# Integrals of limits of sequences of functions

In response to my request to local “non-pure” mathematicians for examples of applications of mathematical analysis in their work, I did receive quite a lot of information relating to interchanging limits and integrals (or limits and series), or differentiating under the integral sign. However, I was thinking about what the most natural examples might be for demonstrating the issues about integrating limits of sequences of functions.

It is quite common to use “moving triangular spike” functions to give examples of sequences of functions which tend pointwise to zero, but whose integrals might do anything. There is nothing wrong with these examples. But perhaps students might think that this is cheating because these functions are not “nice enough”: they don’t expect to meet functions with sharp spikes in very often in real life.

I had a think about some other commonly used sequence of functions on the unit interval, e.g. $f_n(x) = x^n$ and $g_n(x) = n x^n$ (etc.), and these work well on the half-open interval $\null [0,1)$. However the behaviour at $x=1$, while interesting, may also make the example less convincing to students.

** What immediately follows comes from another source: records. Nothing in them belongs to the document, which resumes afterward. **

lemma std_eq_map_strict_mono:
  assumes "distinct xs" "strict_mono_on (set xs) g" "g ` set xs \<subseteq> {1..length xs}"
  shows "std xs = map g xs"
  unfolding std_def
proof (rule map_cong[OF refl])
  fix x assume x: "x \<in> set xs"
  have inj: "inj_on g (set xs)" using assms(2) by (rule strict_mono_on_imp_inj_on)
  have image: "g ` set xs = {1..length xs}"
    by (rule card_subset_eq[OF finite_atLeastAtMost assms(3)])
      (simp add: card_image[OF inj] distinct_card[OF assms(1)])
  have "g ` {y \<in> set xs. y \<le> x} = {z \<in> g ` set xs. z \<le> g x}"
    using strict_mono_on_less_eq[OF assms(2) _ x] by auto
  also have "\<dots> = {1..g x}"
    using image imageI[of x "set xs" g] x by (auto simp del: imageI)
  finally have "card {1..g x} = card {y \<in> set xs. y \<le> x}"
    using inj by (metis (no_types, lifting) card_image inj_on_subset mem_Collect_eq subsetI)
  then show "card {y \<in> set xs. y \<le> x} = g x" by simp
qed

lemma in_set_ltr_max_vals:
  assumes "xs = p @ x # q" "\<forall>y\<in>set p. y < x"
  shows "x \<in> set (ltr_max_vals xs)"
proof -
  have "\<forall>i<length p. xs ! i < xs ! length p"
    using assms by (auto simp: nth_append)
  moreover have "length p < length xs" "xs ! length p = x" using assms(1) by simp_all
  ultimately show ?thesis unfolding ltr_max_vals_def by force
qed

Perhaps the most natural functions to look at on $\null [0,1]$ are functions of the form

$h_n(x)= n^\alpha x^n (1-x)$

(where $\alpha$ is some constant) because these do converge pointwise to zero on the whole of $\null[0,1]$, but the integrals

$\displaystyle \int_0^1 h_n(x) \,{\rm d}x$

can be calculated exactly, and the values are asymptotic to $n^{\alpha-2}$. So, by varying $\alpha$, you can get examples of every kind you want.

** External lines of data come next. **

lemma suminf_k_norm_sq_le:
  assumes "l1_dominated N" "x \<in> c00"
  shows "(\<Sum>k. (k_norm N (n k) x)\<^sup>2) \<le> (l1_norm x)\<^sup>2"
proof -
  have "(\<Sum>k. (k_norm N (n k) x)\<^sup>2) \<le> (\<Sum>k. (l1_norm x)\<^sup>2 * (1 / flog (n k)))"
    by (intro suminf_le summable_k_norm_sq summable_mult summable_weights k_norm_sq_le_weight assms)
  also have "\<dots> = (l1_norm x)\<^sup>2 * (\<Sum>k. 1 / flog (n k))" by (rule suminf_mult[OF summable_weights])
  also have "\<dots> \<le> (l1_norm x)\<^sup>2"
    by (intro mult_right_le_one_le suminf_weights_le_1 suminf_nonneg summable_weights)
      (auto simp: flog_nonneg)
  finally show ?thesis .
qed

lemma implicit_map_l1_dominated:
  assumes "l1_dominated N" shows "l1_dominated (implicit_map n N)"
  unfolding l1_dominated_def implicit_map_def
proof
  fix y assume y: "y \<in> c00"
  have "sqrt (\<Sum>k. (k_norm N (n k) y)\<^sup>2) \<le> sqrt ((l1_norm y)\<^sup>2)"
    by (intro real_sqrt_le_mono suminf_k_norm_sq_le assms y)
  then show "0 \<le> max (c0_norm y) (sqrt (\<Sum>k. (k_norm N (n k) y)\<^sup>2)) \<and>
      max (c0_norm y) (sqrt (\<Sum>k. (k_norm N (n k) y)\<^sup>2)) \<le> l1_norm y"
    using c0_norm_le_l1_norm[OF y] c0_norm_nonneg[OF y] l1_norm_nonneg[of y] by simp
qed

lemma implicit_map_mono:
  assumes "l1_dominated N" "l1_dominated M" "\<forall>y\<in>c00. N y \<le> M y" "x \<in> c00"
  shows "implicit_map n N x \<le> implicit_map n M x"
proof -
  have "(\<Sum>k. (k_norm N (n k) x)\<^sup>2) \<le> (\<Sum>k. (k_norm M (n k) x)\<^sup>2)"
    using assms by (intro suminf_le power_mono k_norm_mono k_norm_nonneg summable_k_norm_sq) auto
  then show ?thesis unfolding implicit_map_def by (intro max.mono real_sqrt_le_mono) auto
qed

lemma implicit_map_subadditive:
  assumes "l1_dominated N" "subadditive_c00 N"
  shows "subadditive_c00 (implicit_map n N)"
  unfolding subadditive_c00_def
proof (intro ballI)
  fix x y assume x: "x \<in> c00" and y: "y \<in> c00"
  have xy: "(\<lambda>i. x i + y i) \<in> c00" using x y by (rule c00_add)
  have "sqrt (\<Sum>k. (k_norm N (n k) (\<lambda>i. x i + y i))\<^sup>2)
      \<le> sqrt (\<Sum>k. (k_norm N (n k) x)\<^sup>2) + sqrt (\<Sum>k. (k_norm N (n k) y)\<^sup>2)"
    by (intro sqrt_suminf_sq_le_add summable_k_norm_sq k_norm_nonneg k_norm_add_le assms x y xy)
  then show "implicit_map n N (\<lambda>i. x i + y i) \<le> implicit_map n N x + implicit_map n N y"
    using c0_norm_add_le[OF x y] unfolding implicit_map_def by linarith
qed

lemma implicit_map_modulus_scaling_le:
  assumes "l1_dominated N" "modulus_scaling_le N"
  shows "modulus_scaling_le (implicit_map n N)"
  unfolding modulus_scaling_le_def
proof (intro ballI allI impI)
  fix x and d :: "nat \<Rightarrow> real" and c :: real
  assume x: "x \<in> c00" and d: "\<forall>i. \<bar>d i\<bar> = c"
  have c: "0 \<le> c" using d by (metis abs_ge_zero)
  have dx: "(\<lambda>i. d i * x i) \<in> c00" using x by (rule c00_mult)
  have "(\<Sum>k. (k_norm N (n k) (\<lambda>i. d i * x i))\<^sup>2) \<le> (\<Sum>k. c\<^sup>2 * (k_norm N (n k) x)\<^sup>2)"
    using d by (intro suminf_le summable_mult summable_k_norm_sq assms x dx)
      (auto simp: power_mult_distrib[symmetric] intro!: power_mono k_norm_nonneg k_norm_mult_le assms x dx)
  also have "\<dots> = c\<^sup>2 * (\<Sum>k. (k_norm N (n k) x)\<^sup>2)"
    by (intro suminf_mult summable_k_norm_sq assms x)
  finally have "sqrt (\<Sum>k. (k_norm N (n k) (\<lambda>i. d i * x i))\<^sup>2) \<le> c * sqrt (\<Sum>k. (k_norm N (n k) x)\<^sup>2)"
    using c by (metis real_sqrt_le_mono real_sqrt_mult real_sqrt_abs abs_of_nonneg)
  moreover have "c0_norm (\<lambda>i. d i * x i) \<le> c * c0_norm x" using d by (intro c0_norm_mult_le x) auto
  moreover have "c * c0_norm x \<le> c * implicit_map n N x"
    and "c * sqrt (\<Sum>k. (k_norm N (n k) x)\<^sup>2) \<le> c * implicit_map n N x"
    using c unfolding implicit_map_def by (auto intro: mult_left_mono)
  ultimately show "implicit_map n N (\<lambda>i. d i * x i) \<le> c * implicit_map n N x"
    unfolding implicit_map_def by simp
qed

In particular, taking $\alpha$ to be 0, 1, 2, or 3 gives some very natural sequences of polynomials which one can use to illustrate the issues of interchanging limits and integrals.

Let’s take $\alpha=2$ for the rest of this discussion, so that we are considering the functions $h_n(x)=n^2 x^n (1-x)$.

Here is a Maple plot of the function $h_{10}$ (when $\alpha=2$), i.e. the function $100 x^{10} (1-x)$. Of course, the function doesn’t really take the value zero except at the endpoints (0 and 1) of the interval, but there is a significant proportion of the interval where the function values are very close to zero. As $n$ increases, that region expands, and (for $0\leq x\leq 1$) the function values are essentially negligible except on a smaller and smaller interval near $x=1$. With $\alpha=2$, as you increase $n$, the height increases just enough to compensate for this, and the areas tend to a non-zero real constant (1 in fact), as you can check by direct calculation.

Returning to the title of this post, we see here that, for all $x \in [0,1]$, we have $\lim_{n\to\infty} h_n(x) = 0$, and so

$\displaystyle \int_0^1 \lim_{n\to\infty} h_n(x)\,{\rm d}x = 0\,,$

but (with $\alpha =2$) we have

$\displaystyle \lim_{n\to\infty} \int_0^1 h_n(x)\,{\rm d}x = 1\,.$

Although these  examples may be helpful, I think that it may be even better (following the Cork strategy) to give specific examples of the relevant phenomena that have turned up in the work of colleagues teaching “applied” maths/probability and statistics to the same group of students.